TASK BRIEF ::
The answer must be every line of the data that holds the word "real".

[Saved data entries]

(* Let $n,a,b$ be positive integers and $c$ a nonnegative integer. The polytopes $\mathcal F_{k^{a,b,c}_{n+2}(S)}$, $S\subseteq[n]$, are interior disjoint and satisfy $$\mathcal F_{k^{a,b+1,c}_{n+2}}\equiv\bigcup_{S\subseteq[n]}\mathcal F_{k^{a,b,c}_{n+2}(S)};$$ that is, $\mathcal F_{k^{a,b+1,c}_{n+2}}$ is integrally equivalent to a union of $2^n$ polytopes $P_S$ ($S\subseteq[n]$) with pairwise disjoint interiors, where each $P_S$ is integrally equivalent to $\mathcal F_{k^{a,b,c}_{n+2}(S)}$.
   Context: For a directed multigraph $G$ on $\{0,\dots,n+1\}$ with edges $(i,j)$ oriented $i\to j$, $i<j$, $\mathcal F_G$ is the flow polytope: the set of $f\in\mathbb R_{\ge0}^{E(G)}$ such that the net flow (outgoing minus incoming) is $1$ at vertex $0$, $-1$ at vertex $n+1$ and $0$ at every other vertex. Two polytopes $P\subset\mathbb R^p$, $Q\subset\mathbb R^q$ are integrally equivalent ($P\equiv Q$) if there is an affine map $\mathbb R^p\to\mathbb R^q$ restricting to a bijection $P\to Q$ and to a bijection $\mathrm{aff}(P)\cap\mathbb Z^p\to\mathrm{aff}(Q)\cap\mathbb Z^q$. $k_{n+2}^{a,b,c}$ is the multigraph on $\{0,\dots,n+1\}$ with edge $(0,i)$ of multiplicity $a$ and $(i,n+1)$ of multiplicity $b$ for each $i\in[n]$, and edge $(i,j)$ of multiplicity $c$ for $1\le i<j\le n$. For $S\subseteq[n]$, $k^{a,b,c}_{n+2}(S)$ is obtained from $k^{a,b,c}_{n+2}$ by adding $n$ edges $(0,n+1)$ and, for each $i\in S$, deleting one of the $a$ copies of $(0,i)$ and adding one edge $(i,n+1)$. *)

theory Defs
  imports "HOL-Analysis.Analysis"
begin

text \<open>Points of R^p are represented as functions nat => real vanishing
outside the index set {..<p}.\<close>

definition Rsp :: "nat \<Rightarrow> (nat \<Rightarrow> real) set" where
  "Rsp p = {x. \<forall>i. p \<le> i \<longrightarrow> x i = 0}"

definition Zpts :: "(nat \<Rightarrow> real) set" where
  "Zpts = {x. \<forall>i. x i \<in> \<int>}"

SOLUTION BELOW ::
text \<open>Points of R^p are represented as functions nat => real vanishing
definition Rsp :: "nat \<Rightarrow> (nat \<Rightarrow> real) set" where
definition Zpts :: "(nat \<Rightarrow> real) set" where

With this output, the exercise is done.